The action was brought to recover for the breach of an alleged contract to employ plaintiff as a salesman for a year from February 15, 1913, at $3,000 per annum. The contract is in a letter, which reads:
“We herewith beg to confirm arrangement whereby you are to cover the Western territory for us with the retail trade, salary to be at the rate of $3,000 per annum, and your services to commence on February 15th, unless it is your judgment that it will be wise to start out a little earlier than this; in the meantime we would thank you to unofficially spend as much time as you care to in getting acquainted with our merchandise and mapping out a plan for the future. Trusting that the arrangement will be permanent and to our mutual benefit, we remain.”
[1] All parol negotiations prior to the signing of the above letter are merged therein. Wightman v. N. Y. Life Ins. Co., 119 App. Div. 496, 498, 104 N. Y. Supp. 214. Because of a change in defendant’s plans, plaintiff was discharged on March 15th.- At the close of plaintiff’s case, defendant moved to dismiss; the motion was denied, and defendant excepted.

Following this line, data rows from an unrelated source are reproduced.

(* If $\alpha\in(-1,1)^N$ (i.e. $|\alpha|_\infty<1$), then for each $n\in\mathbb{N}$ the single-valued fractal operator $\mathcal{F}^\alpha_{\Delta,B_n}:\mathcal{C}(I)\to\mathcal{C}(I)$, $f\mapsto f^\alpha_{\Delta,B_n(f)}$, is bounded below and not compact.
   Context: $I=[x_0,x_N]$, $\mathcal{C}(I)$ real continuous functions with sup norm, $\Delta=\{x_0<\dots<x_N\}$, $N\ge2$, $I_i=[x_{i-1},x_i]$, $L_i(x)=a_ix+b_i$ the affine map of $I$ onto $I_i$ with $L_i(x_0)=x_{i-1}$, $L_i(x_N)=x_i$; $|\alpha|_\infty=\max_i|\alpha_i|$. For $f,b\in\mathcal{C}(I)$ with $b(x_0)=f(x_0)$, $b(x_N)=f(x_N)$, $f^\alpha_{\Delta,b}$ is the unique $g\in\mathcal{C}(I)$ with $g(x)=f(x)+\alpha_i(g-b)(L_i^{-1}(x))$ for $x\in I_i$. $B_n$ is the Bernstein operator $B_nf(x)=\sum_{k=0}^n f\big(x_0+\tfrac kn(x_N-x_0)\big)\binom nk\frac{(x-x_0)^k(x_N-x)^{n-k}}{(x_N-x_0)^n}$. A linear operator $T$ is bounded below if there is $C>0$ with $\|Tf\|_\infty\ge C\|f\|_\infty$ for all $f$. *)

theory Defs
  imports "HOL-Analysis.Analysis"
begin

text \<open>Partition x 0 < x 1 < ... < x N of I = [x 0, x N]; C(I) is represented by
  functions real \<Rightarrow> real that are continuous on I (values outside I are irrelevant).\<close>

definition Ival :: "(nat \<Rightarrow> real) \<Rightarrow> nat \<Rightarrow> real set" where
  "Ival x N = {x 0 .. x N}"

definition supnorm :: "(nat \<Rightarrow> real) \<Rightarrow> nat \<Rightarrow> (real \<Rightarrow> real) \<Rightarrow> real" where
  "supnorm x N f = Sup ((\<lambda>t. \<bar>f t\<bar>) ` Ival x N)"

text \<open>Inverse of the affine map L_i of I onto I_i = [x (i-1), x i].\<close>
definition Linv :: "(nat \<Rightarrow> real) \<Rightarrow> nat \<Rightarrow> nat \<Rightarrow> real \<Rightarrow> real" where
  "Linv x N i t = x 0 + (t - x (i - 1)) * (x N - x 0) / (x i - x (i - 1))"

text \<open>The alpha-fractal function f^alpha_{Delta,b}: the unique g continuous on I with the
  self-referential equation on each I_i (normalised to 0 outside I to make it unique).\<close>
definition fractal :: "(nat \<Rightarrow> real) \<Rightarrow> nat \<Rightarrow> (nat \<Rightarrow> real) \<Rightarrow> (real \<Rightarrow> real)
    \<Rightarrow> (real \<Rightarrow> real) \<Rightarrow> (real \<Rightarrow> real)" where
  "fractal x N \<alpha> f b = (THE g. continuous_on (Ival x N) g \<and> (\<forall>t. t \<notin> Ival x N \<longrightarrow> g t = 0) \<and>
     (\<forall>i\<in>{1..N}. \<forall>t\<in>{x (i - 1) .. x i}.
        g t = f t + \<alpha> i * (g (Linv x N i t) - b (Linv x N i t))))"

definition bernstein :: "(nat \<Rightarrow> real) \<Rightarrow> nat \<Rightarrow> nat \<Rightarrow> (real \<Rightarrow> real) \<Rightarrow> (real \<Rightarrow> real)" where
  "bernstein x N n f = (\<lambda>t. \<Sum>k=0..n. f (x 0 + real k / real n * (x N - x 0)) * real (n choose k)
      * (t - x 0) ^ k * (x N - t) ^ (n - k) / (x N - x 0) ^ n)"

definition fractal_op :: "(nat \<Rightarrow> real) \<Rightarrow> nat \<Rightarrow> (nat \<Rightarrow> real) \<Rightarrow> nat
    \<Rightarrow> (real \<Rightarrow> real) \<Rightarrow> (real \<Rightarrow> real)" where
  "fractal_op x N \<alpha> n f = fractal x N \<alpha> f (bernstein x N n f)"

definition bounded_below_op :: "(nat \<Rightarrow> real) \<Rightarrow> nat \<Rightarrow> ((real \<Rightarrow> real) \<Rightarrow> (real \<Rightarrow> real)) \<Rightarrow> bool" where
  "bounded_below_op x N T \<longleftrightarrow> (\<exists>C>0. \<forall>f. continuous_on (Ival x N) f \<longrightarrow>
      supnorm x N (T f) \<ge> C * supnorm x N f)"

definition compact_op :: "(nat \<Rightarrow> real) \<Rightarrow> nat \<Rightarrow> ((real \<Rightarrow> real) \<Rightarrow> (real \<Rightarrow> real)) \<Rightarrow> bool" where
  "compact_op x N T \<longleftrightarrow> (\<forall>fs :: nat \<Rightarrow> real \<Rightarrow> real.
      (\<forall>k. continuous_on (Ival x N) (fs k) \<and> supnorm x N (fs k) \<le> 1) \<longrightarrow>
      (\<exists>r g. strict_mono r \<and> continuous_on (Ival x N) g \<and>
         uniform_limit (Ival x N) (\<lambda>k. T (fs (r k))) g sequentially))"

end

theory Submission
  imports Defs
begin

text \<open>Let \<open>a = max\<^sub>i |\<alpha> i| < 1\<close> and let \<open>F f\<close> be the fractal function of \<open>f\<close> with base \<open>B\<^sub>n f\<close>.
  It exists and is unique because the Read-Bajraktarevic operator is a contraction with factor
  \<open>a\<close>, and \<open>F\<close> is linear because the fractal function depends linearly on \<open>(f, b)\<close>. On \<open>I\<^sub>i\<close> the
  self-referential equation reads \<open>f = F f - \<alpha> i (F f - B\<^sub>n f) \<circ> L\<^sub>i\<^sup>-\<^sup>1\<close>, and \<open>\<parallel>B\<^sub>n f\<parallel> \<le> \<parallel>f\<parallel>\<close>
  since \<open>B\<^sub>n\<close> is positive and fixes constants. Hence \<open>\<parallel>f\<parallel> \<le> \<parallel>F f\<parallel> + a (\<parallel>F f\<parallel> + \<parallel>f\<parallel>)\<close>, that is
  \<open>\<parallel>f\<parallel> \<le> (1 + a) / (1 - a) \<parallel>F f\<parallel>\<close>, so \<open>F\<close> is bounded below. A linear operator bounded below on
  \<open>C(I)\<close> is not compact: the unit ball contains a sequence at mutual distance \<open>1\<close>, and its images
  stay at mutual distance at least \<open>(1 - a) / (1 + a)\<close>.\<close>

lemma continuous_on_abs_bounded:
  fixes h :: "'a::topological_space \<Rightarrow> real"
  assumes "compact S" and "continuous_on S h"
  obtains M where "\<forall>t\<in>S. \<bar>h t\<bar> \<le> M"
  using compact_imp_bounded[OF compact_continuous_image[OF assms(2,1)]]
  by (auto simp: bounded_real)

lemma abs_le_supnorm:
  assumes "continuous_on (Ival x N) h" and "t \<in> Ival x N"
  shows "\<bar>h t\<bar> \<le> supnorm x N h"
proof -
  obtain M where "\<forall>t\<in>Ival x N. \<bar>h t\<bar> \<le> M"
    using continuous_on_abs_bounded[OF _ assms(1)] by (auto simp: Ival_def)
  then show ?thesis
    unfolding supnorm_def using assms(2) by (intro cSUP_upper bdd_aboveI2) auto
qed

lemma supnorm_le:
  assumes "x 0 \<le> x N" and "\<forall>t\<in>Ival x N. \<bar>h t\<bar> \<le> M"
  shows "supnorm x N h \<le> M"
  unfolding supnorm_def using assms by (intro cSUP_least) (auto simp: Ival_def)

lemma uniform_limit_geometric_increments:
  fixes g :: "nat \<Rightarrow> 'a \<Rightarrow> 'b::banach"
  assumes "0 \<le> a" "a < 1" and "\<And>k t. t \<in> S \<Longrightarrow> norm (g (Suc k) t - g k t) \<le> a ^ k * D"
  shows "uniform_limit S g (\<lambda>t. g 0 t + (\<Sum>k. g (Suc k) t - g k t)) sequentially"
proof -
  have "summable (\<lambda>k. a ^ k * D)"
    using assms(1,2) by (intro summable_mult2 summable_geometric) auto
  then have "uniform_limit S (\<lambda>n t. \<Sum>k<n. g (Suc k) t - g k t) (\<lambda>t. \<Sum>k. g (Suc k) t - g k t) sequentially"
    using assms(3) by (rule Weierstrass_m_test[rotated])
  then have "uniform_limit S (\<lambda>n t. g 0 t + (\<Sum>k<n. g (Suc k) t - g k t))
      (\<lambda>t. g 0 t + (\<Sum>k. g (Suc k) t - g k t)) sequentially"
    by (intro uniform_limit_add uniform_limit_const)
  moreover have "g 0 t + (\<Sum>k<n. g (Suc k) t - g k t) = g n t" for n t
    using sum_lessThan_telescope[of "\<lambda>k. g k t" n] by simp
  ultimately show ?thesis by simp
qed

lemma continuous_on_bernstein:
  assumes "x 0 < x N"
  shows "continuous_on S (bernstein x N n f)"
  unfolding bernstein_def using assms by (intro continuous_intros) auto

lemma bernstein_left_endpoint:
  assumes "x 0 < x N"
  shows "bernstein x N n f (x 0) = f (x 0)"
proof -
  have "bernstein x N n f (x 0) = (\<Sum>k\<in>insert 0 {1..n}. f (x 0 + real k / real n * (x N - x 0))
      * real (n choose k) * (x 0 - x 0) ^ k * (x N - x 0) ^ (n - k) / (x N - x 0) ^ n)"
    unfolding bernstein_def by (intro sum.cong) auto
  also have "\<dots> = f (x 0)"
    using assms by (subst sum.insert) (auto intro!: sum.neutral simp: power_0_left)
  finally show ?thesis .
qed

lemma bernstein_right_endpoint:
  assumes "x 0 < x N" and "1 \<le> n"
  shows "bernstein x N n f (x N) = f (x N)"
proof -
  have "bernstein x N n f (x N) = (\<Sum>k\<in>insert n {0..<n}. f (x 0 + real k / real n * (x N - x 0))
      * real (n choose k) * (x N - x 0) ^ k * (x N - x N) ^ (n - k) / (x N - x 0) ^ n)"
    unfolding bernstein_def by (intro sum.cong) auto
  also have "\<dots> = f (x 0 + (x N - x 0))"
    using assms by (subst sum.insert) (auto intro!: sum.neutral simp: power_0_left)
  finally show ?thesis by simp
qed

lemma bernstein_diff:
  "bernstein x N n f t - bernstein x N n g t = bernstein x N n (\<lambda>s. f s - g s) t"
  unfolding bernstein_def sum_subtractf[symmetric]
  by (intro sum.cong) (simp_all add: left_diff_distrib diff_divide_distrib)

text \<open>The Bernstein basis polynomials are nonnegative on \<open>I\<close> and sum to \<open>1\<close>, and the
  nodes \<open>x 0 + k/n (x N - x 0)\<close> lie in \<open>I\<close>.\<close>
lemma bernstein_abs_le:
  assumes "x 0 < x N" and h: "\<forall>s\<in>{x 0..x N}. \<bar>h s\<bar> \<le> M" and t: "t \<in> {x 0..x N}"
  shows "\<bar>bernstein x N n h t\<bar> \<le> M"
proof -
  define L where "L = x N - x 0"
  have L: "0 < L" using assms(1) by (simp add: L_def)
  define w where "w k = real (n choose k) * (t - x 0) ^ k * (x N - t) ^ (n - k) / L ^ n" for k
  have w_nonneg: "0 \<le> w k" for k
    using t L by (auto simp: w_def)
  have "(\<Sum>k\<in>{0..n}. w k)
      = (\<Sum>k\<le>n. real (n choose k) * (t - x 0) ^ k * (x N - t) ^ (n - k)) / L ^ n"
    by (simp add: w_def sum_divide_distrib atLeast0AtMost)
  also have "\<dots> = ((t - x 0) + (x N - t)) ^ n / L ^ n"
    by (simp only: binomial_ring)
  finally have w_sum: "(\<Sum>k\<in>{0..n}. w k) = 1"
    using L by (simp add: L_def)
  have node: "x 0 + real k / real n * L \<in> {x 0..x N}" if "k \<le> n" for k
  proof -
    have "0 \<le> real k / real n" "real k / real n \<le> 1"
      using that by (auto simp: divide_le_eq)
    then show ?thesis
      using L mult_left_le_one_le[of L "real k / real n"] by (auto simp: L_def mult.commute)
  qed
  have "bernstein x N n h t = (\<Sum>k\<in>{0..n}. h (x 0 + real k / real n * L) * w k)"
    unfolding bernstein_def w_def L_def by (intro sum.cong) (simp_all add: mult.assoc)
  also have "\<bar>\<dots>\<bar> \<le> (\<Sum>k\<in>{0..n}. \<bar>h (x 0 + real k / real n * L)\<bar> * w k)"
    using w_nonneg by (intro order_trans[OF sum_abs] sum_mono) (simp add: abs_mult)
  also have "\<dots> \<le> (\<Sum>k\<in>{0..n}. M * w k)"
    using h node w_nonneg by (intro sum_mono mult_right_mono) auto
  also have "\<dots> = M"
    by (simp add: sum_distrib_left[symmetric] w_sum)
  finally show ?thesis .
qed

lemma bounded_below_opI:
  assumes "0 < K" and "\<And>f. continuous_on (Ival x N) f \<Longrightarrow> supnorm x N f \<le> K * supnorm x N (T f)"
  shows "bounded_below_op x N T"
  unfolding bounded_below_op_def
proof (intro exI[of _ "1 / K"] conjI allI impI)
  fix f :: "real \<Rightarrow> real"
  assume "continuous_on (Ival x N) f"
  then show "1 / K * supnorm x N f \<le> supnorm x N (T f)"
    using assms by (simp add: field_simps)
qed (use assms in simp)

[2] A hiring at the rate of so much per year, no time being specified, is an indefinite hiring; and such a hiring is a hiring at will, and may be terminated at any time by either party. Martin v. Insurance Co., 148 N. Y. 117, 121, 42 N. E. 416; United States v. U. S. Fidelity & Guaranty Co., 139 App. Div. 262, 264, 123 N. Y. Supp. 938; Outerbridge v. Campbell, 87 App. Div. 597, 599, 84 N. Y. Supp. 537; Granger v. American Brewing Co., 25 Misc. Rep. 701, 702, 55 N Y. Supp. 695.
Judgment reversed, with costs, and complaint dismissed, with costs. All concur.